• **Extracted information**:

____________________

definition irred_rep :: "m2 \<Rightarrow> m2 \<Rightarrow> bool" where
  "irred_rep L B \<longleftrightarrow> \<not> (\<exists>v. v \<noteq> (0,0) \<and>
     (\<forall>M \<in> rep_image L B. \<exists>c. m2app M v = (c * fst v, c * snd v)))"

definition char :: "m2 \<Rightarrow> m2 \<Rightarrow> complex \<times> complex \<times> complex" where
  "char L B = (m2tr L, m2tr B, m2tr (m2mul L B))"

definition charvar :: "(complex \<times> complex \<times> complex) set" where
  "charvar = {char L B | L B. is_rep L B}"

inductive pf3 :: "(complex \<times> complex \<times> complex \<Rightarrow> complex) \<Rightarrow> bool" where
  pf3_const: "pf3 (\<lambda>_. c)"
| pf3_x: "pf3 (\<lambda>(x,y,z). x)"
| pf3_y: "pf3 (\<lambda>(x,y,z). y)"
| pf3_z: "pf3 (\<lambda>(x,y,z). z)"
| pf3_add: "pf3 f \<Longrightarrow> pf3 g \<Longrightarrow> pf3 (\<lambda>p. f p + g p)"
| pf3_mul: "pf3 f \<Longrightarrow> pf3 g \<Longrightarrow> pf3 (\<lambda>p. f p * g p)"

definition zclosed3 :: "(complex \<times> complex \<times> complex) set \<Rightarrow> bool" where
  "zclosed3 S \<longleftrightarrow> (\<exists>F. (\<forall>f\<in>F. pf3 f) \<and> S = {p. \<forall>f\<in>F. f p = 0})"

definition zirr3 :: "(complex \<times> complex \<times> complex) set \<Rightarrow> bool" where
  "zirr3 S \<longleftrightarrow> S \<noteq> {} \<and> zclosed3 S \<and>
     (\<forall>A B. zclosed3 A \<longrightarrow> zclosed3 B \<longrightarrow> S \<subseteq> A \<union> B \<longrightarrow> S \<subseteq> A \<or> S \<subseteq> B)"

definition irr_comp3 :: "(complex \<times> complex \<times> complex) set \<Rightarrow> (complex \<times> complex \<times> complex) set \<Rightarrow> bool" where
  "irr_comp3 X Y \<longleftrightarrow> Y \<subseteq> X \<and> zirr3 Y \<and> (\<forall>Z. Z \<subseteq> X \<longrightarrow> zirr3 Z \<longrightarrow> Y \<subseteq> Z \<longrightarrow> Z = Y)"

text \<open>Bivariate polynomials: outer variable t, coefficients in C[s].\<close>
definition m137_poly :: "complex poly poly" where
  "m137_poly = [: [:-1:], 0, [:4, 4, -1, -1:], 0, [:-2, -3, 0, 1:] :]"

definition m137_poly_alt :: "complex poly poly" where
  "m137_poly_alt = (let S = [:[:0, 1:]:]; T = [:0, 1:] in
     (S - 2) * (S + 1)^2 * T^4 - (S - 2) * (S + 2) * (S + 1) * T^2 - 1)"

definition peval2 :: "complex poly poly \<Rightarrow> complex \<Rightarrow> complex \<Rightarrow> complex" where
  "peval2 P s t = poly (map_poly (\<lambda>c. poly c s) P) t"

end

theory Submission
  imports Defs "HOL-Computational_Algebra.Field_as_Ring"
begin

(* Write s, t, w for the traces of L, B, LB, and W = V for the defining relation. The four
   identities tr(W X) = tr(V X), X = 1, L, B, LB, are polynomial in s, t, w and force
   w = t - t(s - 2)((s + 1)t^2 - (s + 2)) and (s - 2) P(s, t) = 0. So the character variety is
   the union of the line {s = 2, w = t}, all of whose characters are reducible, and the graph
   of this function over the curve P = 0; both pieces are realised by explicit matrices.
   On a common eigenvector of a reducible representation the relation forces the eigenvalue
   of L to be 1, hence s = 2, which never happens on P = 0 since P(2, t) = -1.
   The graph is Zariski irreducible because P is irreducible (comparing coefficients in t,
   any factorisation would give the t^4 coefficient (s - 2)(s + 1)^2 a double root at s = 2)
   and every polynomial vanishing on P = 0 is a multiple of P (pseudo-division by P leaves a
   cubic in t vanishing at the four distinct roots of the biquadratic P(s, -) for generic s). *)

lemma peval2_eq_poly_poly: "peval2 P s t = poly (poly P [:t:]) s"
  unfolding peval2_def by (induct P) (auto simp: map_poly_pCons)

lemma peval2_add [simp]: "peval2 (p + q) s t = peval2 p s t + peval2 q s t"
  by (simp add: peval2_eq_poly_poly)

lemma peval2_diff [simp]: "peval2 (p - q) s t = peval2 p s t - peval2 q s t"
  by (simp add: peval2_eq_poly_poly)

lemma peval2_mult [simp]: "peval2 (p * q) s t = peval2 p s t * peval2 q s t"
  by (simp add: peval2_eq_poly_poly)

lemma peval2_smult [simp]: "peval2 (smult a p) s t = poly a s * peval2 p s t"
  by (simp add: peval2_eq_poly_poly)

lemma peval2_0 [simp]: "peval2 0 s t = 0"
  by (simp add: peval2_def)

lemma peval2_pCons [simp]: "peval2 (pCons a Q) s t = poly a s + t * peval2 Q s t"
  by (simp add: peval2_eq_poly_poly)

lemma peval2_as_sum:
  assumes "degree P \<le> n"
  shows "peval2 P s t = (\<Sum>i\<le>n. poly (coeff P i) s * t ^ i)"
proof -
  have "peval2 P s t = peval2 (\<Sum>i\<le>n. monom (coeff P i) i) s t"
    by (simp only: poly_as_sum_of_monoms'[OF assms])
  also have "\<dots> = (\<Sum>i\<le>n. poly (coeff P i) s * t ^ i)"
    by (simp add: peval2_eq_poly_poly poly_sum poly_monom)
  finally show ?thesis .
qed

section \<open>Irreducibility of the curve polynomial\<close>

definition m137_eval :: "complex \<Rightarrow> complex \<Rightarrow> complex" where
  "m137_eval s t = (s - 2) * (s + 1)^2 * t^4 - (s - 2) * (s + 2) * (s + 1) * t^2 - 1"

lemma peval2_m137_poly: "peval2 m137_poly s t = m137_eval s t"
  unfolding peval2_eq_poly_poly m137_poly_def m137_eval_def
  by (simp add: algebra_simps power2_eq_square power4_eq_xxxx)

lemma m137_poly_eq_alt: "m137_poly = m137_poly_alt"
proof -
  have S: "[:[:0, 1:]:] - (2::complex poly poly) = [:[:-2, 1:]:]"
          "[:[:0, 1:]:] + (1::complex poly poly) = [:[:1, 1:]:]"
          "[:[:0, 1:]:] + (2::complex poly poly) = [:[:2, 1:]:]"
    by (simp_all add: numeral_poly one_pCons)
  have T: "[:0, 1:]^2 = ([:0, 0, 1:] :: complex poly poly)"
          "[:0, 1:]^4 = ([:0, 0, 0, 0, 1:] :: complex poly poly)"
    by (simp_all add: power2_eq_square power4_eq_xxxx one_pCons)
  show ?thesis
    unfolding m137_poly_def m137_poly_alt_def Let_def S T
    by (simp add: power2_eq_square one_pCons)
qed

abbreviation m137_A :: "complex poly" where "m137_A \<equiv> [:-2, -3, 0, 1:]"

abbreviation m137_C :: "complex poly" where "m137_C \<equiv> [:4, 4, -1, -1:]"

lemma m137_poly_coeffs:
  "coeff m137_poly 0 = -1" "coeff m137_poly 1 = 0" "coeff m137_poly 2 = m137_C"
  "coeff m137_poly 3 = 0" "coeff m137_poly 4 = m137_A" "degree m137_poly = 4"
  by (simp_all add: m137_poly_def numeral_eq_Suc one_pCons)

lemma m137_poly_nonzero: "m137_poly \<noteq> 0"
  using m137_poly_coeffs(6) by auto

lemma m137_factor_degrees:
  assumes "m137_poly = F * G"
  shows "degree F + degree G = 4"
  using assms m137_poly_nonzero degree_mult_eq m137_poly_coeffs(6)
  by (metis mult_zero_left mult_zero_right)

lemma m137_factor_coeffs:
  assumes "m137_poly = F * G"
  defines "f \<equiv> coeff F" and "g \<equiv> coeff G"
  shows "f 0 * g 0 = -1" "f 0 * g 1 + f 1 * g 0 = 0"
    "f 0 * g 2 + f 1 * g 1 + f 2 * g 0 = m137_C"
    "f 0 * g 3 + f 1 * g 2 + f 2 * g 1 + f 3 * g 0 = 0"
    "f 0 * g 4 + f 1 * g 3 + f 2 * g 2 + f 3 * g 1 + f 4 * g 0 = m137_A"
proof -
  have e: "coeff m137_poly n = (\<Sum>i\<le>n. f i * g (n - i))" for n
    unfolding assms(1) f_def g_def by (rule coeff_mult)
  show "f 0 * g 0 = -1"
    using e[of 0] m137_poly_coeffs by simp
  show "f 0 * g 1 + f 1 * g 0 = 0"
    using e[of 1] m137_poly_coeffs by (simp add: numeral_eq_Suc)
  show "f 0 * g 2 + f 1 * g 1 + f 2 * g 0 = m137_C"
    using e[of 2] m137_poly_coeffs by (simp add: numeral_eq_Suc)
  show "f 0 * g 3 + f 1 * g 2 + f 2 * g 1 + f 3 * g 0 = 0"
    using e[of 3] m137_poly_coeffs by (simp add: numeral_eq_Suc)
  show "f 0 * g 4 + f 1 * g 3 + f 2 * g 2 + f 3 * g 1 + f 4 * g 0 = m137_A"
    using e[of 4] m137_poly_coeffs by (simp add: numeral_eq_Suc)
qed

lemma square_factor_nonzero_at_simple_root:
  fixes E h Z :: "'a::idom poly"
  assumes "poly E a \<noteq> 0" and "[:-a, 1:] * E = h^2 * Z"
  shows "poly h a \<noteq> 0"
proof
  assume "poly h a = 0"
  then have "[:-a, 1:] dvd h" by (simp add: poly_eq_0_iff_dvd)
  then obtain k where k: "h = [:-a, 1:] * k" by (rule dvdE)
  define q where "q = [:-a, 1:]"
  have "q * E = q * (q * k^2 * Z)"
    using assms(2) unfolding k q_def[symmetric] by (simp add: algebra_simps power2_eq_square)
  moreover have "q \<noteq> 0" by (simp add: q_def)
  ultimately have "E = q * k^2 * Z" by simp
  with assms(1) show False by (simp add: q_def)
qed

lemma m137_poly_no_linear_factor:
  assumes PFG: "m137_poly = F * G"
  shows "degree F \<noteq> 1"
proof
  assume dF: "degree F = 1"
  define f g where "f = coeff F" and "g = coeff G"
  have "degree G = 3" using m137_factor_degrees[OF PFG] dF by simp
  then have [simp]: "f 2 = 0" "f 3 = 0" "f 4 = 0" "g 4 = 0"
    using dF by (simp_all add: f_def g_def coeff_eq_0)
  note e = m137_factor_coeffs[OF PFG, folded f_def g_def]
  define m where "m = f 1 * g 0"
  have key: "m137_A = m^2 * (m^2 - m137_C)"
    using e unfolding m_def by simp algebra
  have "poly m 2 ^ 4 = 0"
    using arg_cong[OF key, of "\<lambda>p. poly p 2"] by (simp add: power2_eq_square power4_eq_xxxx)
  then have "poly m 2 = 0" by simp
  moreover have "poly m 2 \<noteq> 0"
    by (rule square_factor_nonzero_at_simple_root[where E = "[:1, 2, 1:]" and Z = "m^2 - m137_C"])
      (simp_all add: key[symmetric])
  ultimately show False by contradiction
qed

____________________

Show me all lines in the records that contain "unfolding".

  unfolding peval2_def by (induct P) (auto simp: map_poly_pCons)
  unfolding peval2_eq_poly_poly m137_poly_def m137_eval_def
    unfolding m137_poly_def m137_poly_alt_def Let_def S T
    unfolding assms(1) f_def g_def by (rule coeff_mult)
    using assms(2) unfolding k q_def[symmetric] by (simp add: algebra_simps power2_eq_square)
    using e unfolding m_def by simp algebra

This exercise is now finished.